Survival and Outcome Data: Papillary thyroid cancer, accounting for 80-85% of cases, has near 100% 5-year survival and 98%+ 10-year survival (per American Cancer Society/SEER data 2024). Follicular thyroid cancer shows similar excellent outcomes. Medullary thyroid cancer has 93% 5-year survival with outcomes dependent on stage at diagnosis (per NCCN Guidelines 2024). Over 95% of differentiated thyroid cancers achieve complete remission with surgery plus/minus radioactive iodine therapy. Recurrence rate at 30 years is approximately 30%, but cancer-specific death rate is only 8% (per ATA Guidelines).
Individual outcomes vary significantly based on cancer type, stage, tumor characteristics, overall health, and treatment response. These figures represent published averages and do not guarantee specific outcomes for any individual patient.
Surgical Approach Options: Multiple approaches are available depending on tumor characteristics and patient preferences. Open conventional thyroidectomy with a 2-6cm neck incision remains the standard with excellent outcomes. Minimally invasive options include MIVAT (minimally invasive video-assisted thyroidectomy), da Vinci robotic transaxillary approach eliminating visible neck scars, and TOETVA (transoral endoscopic thyroidectomy vestibular approach) providing completely scarless surgery through the mouth. Thailand offers all these advanced techniques at JCI-accredited hospitals, with Police General Hospital serving as a TOETVA specialist center.
Thailand Advantage: Thai hospitals offer advanced thyroidectomy techniques at 40-75% lower cost than US facilities. Total thyroidectomy packages range from $7,000-9,000 versus $15,000-20,000 in the USA, with robotic options available for $12,000 versus $25,000+. High-volume endocrine surgeons perform >100 thyroid operations annually, and volume-outcome data demonstrates significantly lower complication rates at high-volume centers. Multidisciplinary tumor boards coordinate care between endocrine surgeons, endocrinologists, nuclear medicine specialists, and pathologists.
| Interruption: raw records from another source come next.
lemma cylinder_approximable_Un:
  assumes "A \<in> sets torus_measure" "B \<in> sets torus_measure"
    and "cylinder_approximable A" "cylinder_approximable B"
  shows "cylinder_approximable (A \<union> B)"
  unfolding cylinder_approximable_def
proof (intro allI impI)
  fix e :: real assume "e > 0"
  then obtain N C N' C' where C: "C \<in> sets torus_measure" "depends_on_first N C"
      "measure torus_measure (sym_diff A C) < e / 2"
    and C': "C' \<in> sets torus_measure" "depends_on_first N' C'"
      "measure torus_measure (sym_diff B C') < e / 2"
    using assms(3,4) unfolding cylinder_approximable_def by (meson half_gt_zero)
  have "measure torus_measure (sym_diff (A \<union> B) (C \<union> C')) < e"
    using torus.measure_sym_diff_Un_le[OF assms(1,2) C(1) C'(1)] C(3) C'(3) by linarith
  moreover have "C \<union> C' \<in> sets torus_measure" using C(1) C'(1) by (rule sets.Un)
  ultimately show "\<exists>N C. C \<in> sets torus_measure \<and> depends_on_first N C \<and>
      measure torus_measure (sym_diff (A \<union> B) C) < e"
    using depends_on_first_Un[OF C(2) C'(2)] by blast
qed

lemma cylinder_approximable_limit:
  assumes A: "A \<in> sets torus_measure"
    and approx: "\<And>e. e > 0 \<Longrightarrow> \<exists>B \<in> sets torus_measure. cylinder_approximable B \<and>
      measure torus_measure (sym_diff A B) < e"
  shows "cylinder_approximable A"
  unfolding cylinder_approximable_def
proof (intro allI impI)
  fix e :: real assume "e > 0"
  then obtain B where B: "B \<in> sets torus_measure" "cylinder_approximable B"
    "measure torus_measure (sym_diff A B) < e / 2"
    using approx half_gt_zero by blast
  then obtain N C where C: "C \<in> sets torus_measure" "depends_on_first N C"
    "measure torus_measure (sym_diff B C) < e / 2"
    using \<open>e > 0\<close> unfolding cylinder_approximable_def by (meson half_gt_zero)
  have "measure torus_measure (sym_diff A C) < e"
    using torus.measure_sym_diff_triangle[OF A B(1) C(1)] B(3) C(3) by linarith
  then show "\<exists>N C. C \<in> sets torus_measure \<and> depends_on_first N C \<and>
      measure torus_measure (sym_diff A C) < e"
    using C(1,2) by blast
qed

lemma cylinder_approximable_UN:
  fixes A :: "nat \<Rightarrow> (nat \<Rightarrow> real) set"
  assumes A: "\<And>i. A i \<in> sets torus_measure" "\<And>i. cylinder_approximable (A i)"
  shows "cylinder_approximable (\<Union>i. A i)"
proof (rule cylinder_approximable_limit)
  show U: "(\<Union>i. A i) \<in> sets torus_measure" using A(1) by (intro sets.countable_UN) auto
  define U where "U n = (\<Union>i<n. A i)" for n
  have Us: "U n \<in> sets torus_measure" for n
    unfolding U_def using A(1) by (intro sets.finite_UN) auto
  have approx: "cylinder_approximable (U n)" for n
  proof (induction n)
    case 0
    show ?case unfolding U_def
      by (rule cylinder_approximable_cylinder[of _ 0]) (auto simp: depends_on_first_def)
  next
    case (Suc n)
    have "U (Suc n) = A n \<union> U n" unfolding U_def by (auto simp: lessThan_Suc)
    then show ?case using cylinder_approximable_Un[OF A(1) Us A(2) Suc] by simp
  qed
  have "incseq U" unfolding incseq_def U_def by (meson UN_mono lessThan_subset_iff order_refl)
  moreover have "(\<Union>n. U n) = (\<Union>i. A i)" unfolding U_def by blast
  ultimately have lim: "(\<lambda>n. measure torus_measure (U n)) \<longlonglongrightarrow> measure torus_measure (\<Union>i. A i)"
    using torus.finite_Lim_measure_incseq[of U] Us by (metis image_subset_iff)
  have sym_diff_U: "measure torus_measure (sym_diff (\<Union>i. A i) (U n))
      = measure torus_measure (\<Union>i. A i) - measure torus_measure (U n)" for n
  proof -
    have "sym_diff (\<Union>i. A i) (U n) = (\<Union>i. A i) - U n" "U n \<subseteq> (\<Union>i. A i)"
      unfolding U_def by blast+
    then show ?thesis using torus.finite_measure_Diff[OF U Us] by simp
  qed
  show "\<exists>B\<in>sets torus_measure. cylinder_approximable B \<and>
      measure torus_measure (sym_diff (\<Union>i. A i) B) < e" if "e > 0" for e
  proof -
    obtain n where "norm (measure torus_measure (U n) - measure torus_measure (\<Union>i. A i)) < e"
      using LIMSEQ_D[OF lim \<open>e > 0\<close>] by blast
    then have "measure torus_measure (sym_diff (\<Union>i. A i) (U n)) < e"
      unfolding sym_diff_U by simp
    then show ?thesis using Us approx by blast
  qed
qed

lemma cylinder_approximable:
  assumes "A \<in> sets torus_measure"
  shows "cylinder_approximable A"
proof -
  let ?G = "prod_algebra UNIV (\<lambda>_::nat. circle_measure)"
  have sets_eq: "sets torus_measure = sigma_sets (space torus_measure) ?G"
    unfolding torus_measure_def by (simp add: sets_PiM space_PiM)
  have "Int_stable ?G" by (rule Int_stable_prod_algebra)
  moreover have "?G \<subseteq> Pow (space torus_measure)"
    using prod_algebra_sets_into_space unfolding torus_measure_def space_PiM .
  moreover have "A \<in> sigma_sets (space torus_measure) ?G"
    using assms sets_eq by simp
  ultimately show ?thesis
  proof (induction rule: sigma_sets_induct_disjoint)
    case (basic A)
    then obtain J E where A: "A = prod_emb UNIV (\<lambda>_. circle_measure) J (\<Pi>\<^sub>E j\<in>J. E j)" "finite J"
      "\<And>i. i \<in> J \<Longrightarrow> E i \<in> sets circle_measure" by (rule prod_algebraE) auto
    obtain N where "J \<subseteq> {..<N}" using A(2) finite_nat_bounded by blast
    then have "depends_on_first N A"
      unfolding depends_on_first_def A(1)
      by (auto simp: prod_emb_def PiE_iff subset_eq space_torus_measure)
    moreover have "A \<in> sets torus_measure"
      using A unfolding torus_measure_def by (auto intro!: sets_PiM_I)
    ultimately show ?case by (intro cylinder_approximable_cylinder)
  next
    case empty
    show ?case by (rule cylinder_approximable_cylinder[of _ 0]) (auto simp: depends_on_first_def)
  next
    case (compl A)
    have "A \<subseteq> space torus_measure"
      using compl.hyps sets_eq sets.sets_into_space by blast
    then show ?case using compl.IH by (rule cylinder_approximable_compl)
  next
    case (union A)
    then show ?case using sets_eq by (intro cylinder_approximable_UN) auto
  qed
qed
(*
  The complement C of S_theta is a closed convex cone of opening 2 pi - theta < pi, so C + C is
  contained in C. Hence for a boundary point z the points x - z, y - z stay in the sector and
  z + C lies outside it, so d(x) is at most |x - z| times the distance from the unit vector in
  the direction of x - z to C. With the law of cosines this reduces
  |x - y|^2 + 4 d(x) d(y) <= (1 - cos (theta/2)) (|x - z| + |z - y|)^2
  to a trigonometric inequality, checked according to which part of C (either edge or the
  vertex) is nearest to x - z and to y - z. As 1 - cos (theta/2) = 2 sin^2 (theta/4), the infimum
  over z gives the bound; it is attained at x = e^(i theta/4), y = e^(3 i theta/4), with z = 0.
*)
theory Submission
  imports Defs
begin

lemma rcis_cmod_Arg2pi: "rcis (cmod z) (Arg2pi z) = z"
  using Arg2pi_eq[of z] by (simp add: rcis_def cis_conv_exp)

lemma cmod_rcis_diff_sq:
  "(cmod (rcis r a - rcis p b))\<^sup>2 = r\<^sup>2 + p\<^sup>2 - 2 * r * p * cos (a - b)"
proof -
  have "(cmod (rcis r a - rcis p b))\<^sup>2 = (r * cos a - p * cos b)\<^sup>2 + (r * sin a - p * sin b)\<^sup>2"
    by (simp add: cmod_power2)
  also have "\<dots> = r\<^sup>2 * ((sin a)\<^sup>2 + (cos a)\<^sup>2) + p\<^sup>2 * ((sin b)\<^sup>2 + (cos b)\<^sup>2)
      - 2 * r * p * (cos a * cos b + sin a * sin b)"
    by algebra
  finally show ?thesis by (simp add: cos_diff)
qed

lemma cmod_rcis_minus_projection:
  assumes "0 \<le> r"
  shows "cmod (rcis r a - rcis (r * cos (a - e)) e) = r * \<bar>sin (a - e)\<bar>"
proof -
  have "(cmod (rcis r a - rcis (r * cos (a - e)) e))\<^sup>2 = (r * \<bar>sin (a - e)\<bar>)\<^sup>2"
    unfolding cmod_rcis_diff_sq power_mult_distrib power2_abs
    using sin_cos_squared_add[of "a - e"] by algebra
  then show ?thesis using assms by (simp add: power2_eq_iff_nonneg)
qed

lemma Arg2pi_cis:
  assumes "0 \<le> a" "a < 2 * pi"
  shows "Arg2pi (cis a) = a"
  using assms by (intro Arg2pi_unique[of 1]) (auto simp: cis_conv_exp)

lemma cis_in_sector:
  assumes "0 < a" "a < t" "t \<le> 2 * pi"
  shows "cis a \<in> sector t"
  using assms Arg2pi_cis[of a] by (simp add: sector_def)

(* The closed cone between the rays of angle t and 2 pi; the second condition says that w lies
   clockwise of the ray of angle t. *)
definition sector_compl :: "real \<Rightarrow> complex set" where
  "sector_compl t = {w. Im w \<le> 0 \<and> 0 \<le> Im (cis (- t) * w)}"

lemma sector_compl_add:
  "v \<in> sector_compl t \<Longrightarrow> w \<in> sector_compl t \<Longrightarrow> v + w \<in> sector_compl t"
  by (simp add: sector_compl_def distrib_left)

lemma rcis_in_sector_compl:
  assumes "sin t \<le> 0" "0 \<le> \<rho>"
  shows "complex_of_real \<rho> \<in> sector_compl t" "rcis \<rho> t \<in> sector_compl t"
  using assms
  by (auto simp: sector_compl_def rcis_def mult_nonneg_nonpos mult_nonpos_nonneg mult.left_commute)

lemma sector_eq_Compl:
  assumes "pi < t" "t < 2 * pi"
  shows "sector t = - sector_compl t"
proof (intro set_eqI)
  fix x
  define r a where "r = cmod x" and "a = Arg2pi x"
  have x: "x = rcis r a" using rcis_cmod_Arg2pi[of x] by (simp add: r_def a_def)
  have a: "0 \<le> a" "a < 2 * pi" using Arg2pi[of x] by (auto simp: a_def)
  show "x \<in> sector t \<longleftrightarrow> x \<in> - sector_compl t"
  proof (cases "x = 0")
    case True
    then show ?thesis by (simp add: sector_def sector_compl_def)
  next
    case False
    then have r: "0 < r" by (simp add: r_def)
    have "cis (- t) * x = rcis r (a - t)" by (simp add: x rcis_def cis_mult mult.left_commute)
    then have "x \<in> sector_compl t \<longleftrightarrow> r * sin a \<le> 0 \<and> 0 \<le> r * sin (a - t)"
      unfolding sector_compl_def mem_Collect_eq by (simp add: x)
    also have "\<dots> \<longleftrightarrow> sin a \<le> 0 \<and> 0 \<le> sin (a - t)"
      using r by (simp add: mult_le_0_iff zero_le_mult_iff)
    also have "\<dots> \<longleftrightarrow> \<not> (0 < a \<and> a < t)"
    proof
      assume "sin a \<le> 0 \<and> 0 \<le> sin (a - t)"
      moreover have "0 < sin a" if "0 < a" "a < pi" using that by (rule sin_gt_zero)
      moreover have "sin (a - t) < 0" if "pi \<le> a" "a < t"
        using sin_gt_zero[of "t - a"] sin_minus[of "t - a"] that assms by simp
      ultimately show "\<not> (0 < a \<and> a < t)" by force
    next
      assume "\<not> (0 < a \<and> a < t)"
      then consider "a = 0" | "t \<le> a" using a by linarith
      then show "sin a \<le> 0 \<and> 0 \<le> sin (a - t)"
      proof cases
        case 1
        then show ?thesis using sin_lt_zero[of t] assms by simp
      next
        case 2
        then show ?thesis using sin_le_zero[of a] sin_ge_zero[of "a - t"] a assms by auto
      qed
    qed
    finally show ?thesis by (simp add: sector_def a_def)
  qed
qed
(* Let $f(x_1,x_2,x_3,x_4)=\det P(x_1,x_2,x_3,x_4)$ where $$P(x_1,x_2,x_3,x_4)=\begin{bmatrix}x_1 & x_2 & x_3 & x_4\\ -nx_2 & x_1+mx_2 & -nx_4 & x_3+mx_4\\ -qx_3 & -qx_4 & x_1+px_3 & x_2+px_4\\ qnx_4 & -q(x_3+mx_4) & -nx_2-pnx_4 & x_1+mx_2+p(x_3+mx_4)\end{bmatrix}$$ with $(m,n,p,q)=(5,-23,2,-7)$. Then the quartic diophantine equation $f(x_1,x_2,x_3,x_4)=1$ has infinitely many solutions in positive integers (one of them being $(6,2,3,1)$). *)

theory Defs
  imports "Jordan_Normal_Form.Determinant"
begin

definition Pmat :: "int \<Rightarrow> int \<Rightarrow> int \<Rightarrow> int \<Rightarrow> int \<Rightarrow> int \<Rightarrow> int \<Rightarrow> int \<Rightarrow> int mat" where
  "Pmat m n p q x1 x2 x3 x4 = mat_of_rows_list 4
    [[x1, x2, x3, x4],
     [- n * x2, x1 + m * x2, - n * x4, x3 + m * x4],
     [- q * x3, - q * x4, x1 + p * x3, x2 + p * x4],
     [q * n * x4, - q * (x3 + m * x4), - n * x2 - p * n * x4, x1 + m * x2 + p * (x3 + m * x4)]]"

definition f :: "int \<Rightarrow> int \<Rightarrow> int \<Rightarrow> int \<Rightarrow> int" where
  "f x1 x2 x3 x4 = det (Pmat 5 (-23) 2 (-7) x1 x2 x3 x4)"

end

theory Submission
  imports Defs
begin

text \<open>
  \<open>P(x)\<close> is the matrix of multiplication by \<open>x = x\<^sub>1 + x\<^sub>2 \<alpha> + x\<^sub>3 \<beta> + x\<^sub>4 \<alpha>\<beta>\<close> in the
  commutative ring with \<open>\<alpha>\<^sup>2 = m\<alpha> - n\<close> and \<open>\<beta>\<^sup>2 = p\<beta> - q\<close>, so \<open>P(x) P(y) = P(xy)\<close> and \<open>f\<close> is
  a multiplicative norm form. Since \<open>f(6,2,3,1) = 1\<close>, multiplication by the unit \<open>6 + 2\<alpha> + 3\<beta> + \<alpha>\<beta>\<close>
  maps solutions of \<open>f = 1\<close> to solutions; it has positive coefficients, so it keeps solutions
  positive and strictly increases the first coordinate.
\<close>

lemma det_mat_Suc:
  "det (mat (Suc k) (Suc k) g :: 'a::comm_ring_1 mat) =
   (\<Sum>j<Suc k. g (0, j) * (-1) ^ j * det (mat k k (\<lambda>(i, l). g (Suc i, if l < j then l else Suc l))))"
proof -
  let ?A = "mat (Suc k) (Suc k) g"
  have "det ?A = (\<Sum>j<Suc k. ?A $$ (0, j) * cofactor ?A 0 j)"
    by (rule laplace_expansion_row) simp_all
  also have "\<dots> = (\<Sum>j<Suc k. g (0, j) * (-1) ^ j * det (mat k k (\<lambda>(i, l). g (Suc i, if l < j then l else Suc l))))"
  proof (rule sum.cong)
    fix j assume "j \<in> {..<Suc k}"
    then have "mat_delete ?A 0 j = mat k k (\<lambda>(i, l). g (Suc i, if l < j then l else Suc l))"
      by (intro eq_matI) (auto simp: mat_delete_def)
    with \<open>j \<in> {..<Suc k}\<close> show "?A $$ (0, j) * cofactor ?A 0 j = g (0, j) * (-1) ^ j * det (mat k k (\<lambda>(i, l). g (Suc i, if l < j then l else Suc l)))"
      by (simp add: cofactor_def)
  qed simp
  finally show ?thesis .
qed

lemma Pmat_mult:
  "Pmat m n p q x1 x2 x3 x4 * Pmat m n p q y1 y2 y3 y4 =
   Pmat m n p q
     (x1 * y1 - n * x2 * y2 - q * x3 * y3 + q * n * x4 * y4)
     (x1 * y2 + x2 * (y1 + m * y2) - q * x3 * y4 - q * x4 * (y3 + m * y4))
     (x1 * y3 - n * x2 * y4 + x3 * (y1 + p * y3) - x4 * (n * y2 + p * n * y4))
     (x1 * y4 + x2 * (y3 + m * y4) + x3 * (y2 + p * y4) + x4 * (y1 + m * y2 + p * (y3 + m * y4)))"
  unfolding Pmat_def mat_of_rows_list_def
  by (rule eq_matI)
     (auto simp: scalar_prod_def numeral_eq_Suc less_Suc_eq lessThan_Suc algebra_simps)

lemma det_Pmat_mult:
  "det (Pmat m n p q
     (x1 * y1 - n * x2 * y2 - q * x3 * y3 + q * n * x4 * y4)
     (x1 * y2 + x2 * (y1 + m * y2) - q * x3 * y4 - q * x4 * (y3 + m * y4))
     (x1 * y3 - n * x2 * y4 + x3 * (y1 + p * y3) - x4 * (n * y2 + p * n * y4))
     (x1 * y4 + x2 * (y3 + m * y4) + x3 * (y2 + p * y4) + x4 * (y1 + m * y2 + p * (y3 + m * y4))))
   = det (Pmat m n p q x1 x2 x3 x4) * det (Pmat m n p q y1 y2 y3 y4)"
proof -
  have carrier: "Pmat m n p q z1 z2 z3 z4 \<in> carrier_mat 4 4" for z1 z2 z3 z4
    unfolding Pmat_def mat_of_rows_list_def carrier_mat_def by simp
  show ?thesis
    by (simp only: Pmat_mult[symmetric] det_mult[OF carrier carrier])
qed

lemma f_unit: "f 6 2 3 1 = 1"
  unfolding f_def Pmat_def mat_of_rows_list_def
  by (simp add: numeral_eq_Suc det_mat_Suc lessThan_Suc)

lemma f_mult_unit:
  "f (6 * x1 + 46 * x2 + 21 * x3 + 161 * x4) (2 * x1 + 16 * x2 + 7 * x3 + 56 * x4)
     (3 * x1 + 23 * x2 + 12 * x3 + 92 * x4) (x1 + 8 * x2 + 4 * x3 + 32 * x4) = f x1 x2 x3 x4"
proof -
  have "f (6 * x1 + 46 * x2 + 21 * x3 + 161 * x4) (2 * x1 + 16 * x2 + 7 * x3 + 56 * x4)
      (3 * x1 + 23 * x2 + 12 * x3 + 92 * x4) (x1 + 8 * x2 + 4 * x3 + 32 * x4) = f x1 x2 x3 x4 * f 6 2 3 1"
    unfolding f_def det_Pmat_mult[symmetric] by (simp add: algebra_simps)
  then show ?thesis by (simp add: f_unit)
qed

lemma infinite_if_increasing_self_map:
  fixes h :: "'a \<Rightarrow> 'b::linorder"
  assumes "a \<in> A" and "\<And>x. x \<in> A \<Longrightarrow> g x \<in> A" and "\<And>x. x \<in> A \<Longrightarrow> h x < h (g x)"
  shows "infinite A"
proof
  assume "finite A"
  have "Max (h ` A) \<in> h ` A"
    using \<open>finite A\<close> \<open>a \<in> A\<close> by (intro Max_in) auto
  then obtain x where "x \<in> A" and "h x = Max (h ` A)" by auto
  moreover have "h (g x) \<le> Max (h ` A)"
    using \<open>finite A\<close> \<open>x \<in> A\<close> assms(2) by (intro Max_ge) auto
  ultimately show False
    using assms(3) by fastforce
qed

definition mult_unit :: "int \<times> int \<times> int \<times> int \<Rightarrow> int \<times> int \<times> int \<times> int" where
  "mult_unit = (\<lambda>(x1, x2, x3, x4).
     (6 * x1 + 46 * x2 + 21 * x3 + 161 * x4, 2 * x1 + 16 * x2 + 7 * x3 + 56 * x4,
      3 * x1 + 23 * x2 + 12 * x3 + 92 * x4, x1 + 8 * x2 + 4 * x3 + 32 * x4))"

theorem mainTheorem5:
  shows "f 6 2 3 1 = 1 \<and>
    infinite {(x1::int, x2::int, x3::int, x4::int).
      x1 > 0 \<and> x2 > 0 \<and> x3 > 0 \<and> x4 > 0 \<and> f x1 x2 x3 x4 = 1}"
proof
  show "f 6 2 3 1 = 1" by (rule f_unit)
  let ?S = "{(x1::int, x2::int, x3::int, x4::int). x1 > 0 \<and> x2 > 0 \<and> x3 > 0 \<and> x4 > 0 \<and> f x1 x2 x3 x4 = 1}"
  show "infinite ?S"
  proof (rule infinite_if_increasing_self_map)
    show "(6, 2, 3, 1) \<in> ?S" by (simp add: f_unit)
    show "mult_unit x \<in> ?S" if "x \<in> ?S" for x
      using that by (auto simp: mult_unit_def f_mult_unit)
    show "fst x < fst (mult_unit x)" if "x \<in> ?S" for x
      using that by (auto simp: mult_unit_def)
  qed
qed

end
Medical Tourism Logistics: Recommended minimum stay in Thailand is 10 days, allowing for initial 4-5 days of recovery, first post-operative follow-up, and calcium level stabilization monitoring. Long-haul flights are generally safe 1-2 weeks after uncomplicated surgery. Comprehensive medical records including operative reports, pathology with TNM staging, and surveillance recommendations are provided for coordination with home physicians. Telemedicine follow-up allows ongoing consultation with Thai specialists while thyroglobulin monitoring and imaging are performed locally.